Monday, May 8, 2017

Do Tax cuts Pay for themselves? … Market Analysis … Trading ETFs and ETF Ranking

“Forty-three years after economist Arthur Laffer sketched a pictorial representation of individuals’ response to changes in income tax rates, economists still can’t agree if tax cuts pay for themselves: entirely, in part, or not at all. In a capitalist system, a tax rate of 0% or a tax rate of 100% will yield no revenue for the government: in the first instance, because there is no tax levied on labor income; in the second, because there is no labor income to tax because most of us would refuse to work without compensation…
…In a recent paper, Veronique de Rugy and Matthew Mitchell, senior research fellows at George Mason University’s Mercatus Center, reviewed the financial literature and found no consensus on the spending multiplier [for Government spending and its impact on the economy]. The estimates of the effect of a $1 increase in government spending ranged from +3.7 (implying $2.7 of additional private-sector growth) to -2.88 (a displacement of $3.88 of economic activity.)” Story at…
My cmt: If tax cuts pay for themselves, why have we been running a deficit since Ronald Reagan made huge tax cuts? Further, GHW Bush and Bill Clinton combined (in a little over 4-years) to produce one of the largest tax hikes in history.  That was followed by the one of the biggest booms in history during the dot-com era. One wonders whether taxes matter. The answer is they probably matter a lot; it’s just hard to see in the short run. Over the longer term the data isn’t clear., but there are red flags out there.
Government spending is now 35% of GDP (Gross Domestic Product). That’s up from 20% of GDP in 1950. GDP growth was 4% in 1950; it’s below 2 now. This is the first time in history that there are more businesses failing than are being started.
Are tax cuts good or bad? … ask an economist. Personally I hate to see deficits continuing to climb.
-Monday the S&P 500 was unchanged at 2399. 
-VIX fell about 8% to 9.77 at the close.
-The yield on the 10-year Treasury rose slightly to 2.388%.  
RSI, (SMA-14)
Relative Strength measures the size of up-moves vs. all-moves on a 14-day moving average basis and presents the result as a percentile. For example if the RSI is 85, it means that the size of up-moves are in the 85th percentile when compared to all moves over the 14-day period.  If ALL moves had been up, RSI would be 100 – a definite short term sell indicator. For my purposes, 30 is oversold (suggesting a turn-around to the upside) and 80 is overbought. If the up-moves and down-moves are equal in size over the 14-day period, RSI would be 50.
RSI hit 79 today. 80 is “overbought”; that’s a concern for the bulls, at least in the short run. My Sum of 17–indicators dipped from 6 to 2 on the day.  That’s not a big deal since this value jumps around a lot.  The 10-day value is down, though, so we may be seeing a beginning of a short-term slowdown (or not – it’s too early to say). Market Internals have deteriorated and that’s worth watching.

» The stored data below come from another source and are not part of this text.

lemma hinge_expectation_ge:
  fixes q m W :: "'a::finite \<Rightarrow> real"
  assumes q0: "\<And>a. 0 \<le> q a" and q1: "sum q UNIV = 1" and m0: "\<And>a. 0 \<le> m a"
    and W0: "\<And>a. 0 \<le> W a" and mu: "0 \<le> \<mu>"
  shows "1 - (\<Sum>a\<in>UNIV. max 0 (q a - m a)) - \<mu> * (\<Sum>a\<in>UNIV. m a * W a)
    \<le> (\<Sum>a\<in>UNIV. q a * hinge \<mu> (W a))"
proof -
  have "(\<Sum>a\<in>UNIV. min (q a) (m a)) = (\<Sum>a\<in>UNIV. q a - max 0 (q a - m a))"
    by (intro sum.cong) (auto simp: min_def max_def)
  then have "(\<Sum>a\<in>UNIV. min (q a) (m a)) = 1 - (\<Sum>a\<in>UNIV. max 0 (q a - m a))"
    using q1 by (simp add: sum_subtractf)
  moreover have "\<mu> * (\<Sum>a\<in>UNIV. min (q a) (m a) * W a) \<le> \<mu> * (\<Sum>a\<in>UNIV. m a * W a)"
    using W0 mu by (intro mult_left_mono sum_mono mult_right_mono) auto
  moreover have "(\<Sum>a\<in>UNIV. min (q a) (m a) * (1 - \<mu> * W a)) \<le> (\<Sum>a\<in>UNIV. q a * hinge \<mu> (W a))"
  proof (rule sum_mono)
    fix a
    have "min (q a) (m a) * (1 - \<mu> * W a) \<le> min (q a) (m a) * hinge \<mu> (W a)"
      using q0[of a] m0[of a] unfolding hinge_def by (intro mult_left_mono) auto
    also have "\<dots> \<le> q a * hinge \<mu> (W a)" unfolding hinge_def by (intro mult_right_mono) auto
    finally show "min (q a) (m a) * (1 - \<mu> * W a) \<le> q a * hinge \<mu> (W a)" .
  qed
  moreover have "(\<Sum>a\<in>UNIV. min (q a) (m a) * (1 - \<mu> * W a))
      = (\<Sum>a\<in>UNIV. min (q a) (m a)) - \<mu> * (\<Sum>a\<in>UNIV. min (q a) (m a) * W a)"
    by (simp add: algebra_simps sum_subtractf sum_distrib_left)
  ultimately show ?thesis by linarith
qed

Long term, VIX below 10 is a worry.  That has happened before and it presaged major tops. It could be signaling a major bear market, though it may be 2018 before THE TOP is in. It really depends on the Fed and how the markets react to Fed rate hikes.
The top ranked ETF receives 100%. The rest are then ranked based on their momentum relative to the leading ETF.  While momentum isn’t stock performance per se, momentum is closely related to stock performance. For example, over the 4-months from Oct thru mid-February 2016, the number 1 ranked Financials (XLF) outperformed the S&P 500 by nearly 20%.
*For additional background on the ETF ranking system see NTSM Page at…
I would avoid XLE; its 120-day moving average is falling.
No.1 remains Technology (XLK). I continue to hold the XLK.
SHORT-TERM TRADING PORTFOLIO - 2017 (Small-% of the total portfolio)
No positions. Long is the call now though, as it has been since the Index closed above the 50-dMA. The call may be neutral soon.
Market Internals are still neutral on the market, but they deteriorated today.
Market Internals are a decent trend-following analysis of current market action, but should not be used alone for short term trading. They are usually right, but they are often late.  They are most useful when they diverge from the Index.  In 2014, using these internals alone would have made a 9% return vs. 13% for the S&P 500 (in on Positive, out on Negative – no shorting). 
Monday, Price was positive; Sentiment was negative; Volume & VIX indicators were neutral.
I increased stock allocation to 50% stocks in the S&P 500 Index fund (C-Fund) Friday, 24 March 2017 in my long-term accounts, based on short-term indicators. Remainder is 50% G-Fund (Government securities). This is a conservative retiree allocation, but I consider it fully invested.
There have been no long-term Buy or Sell signals in a while.  The last signal was a BUY on 23 February and the last actionable signal was a BUY (from a prior sell) on 15 November 2016.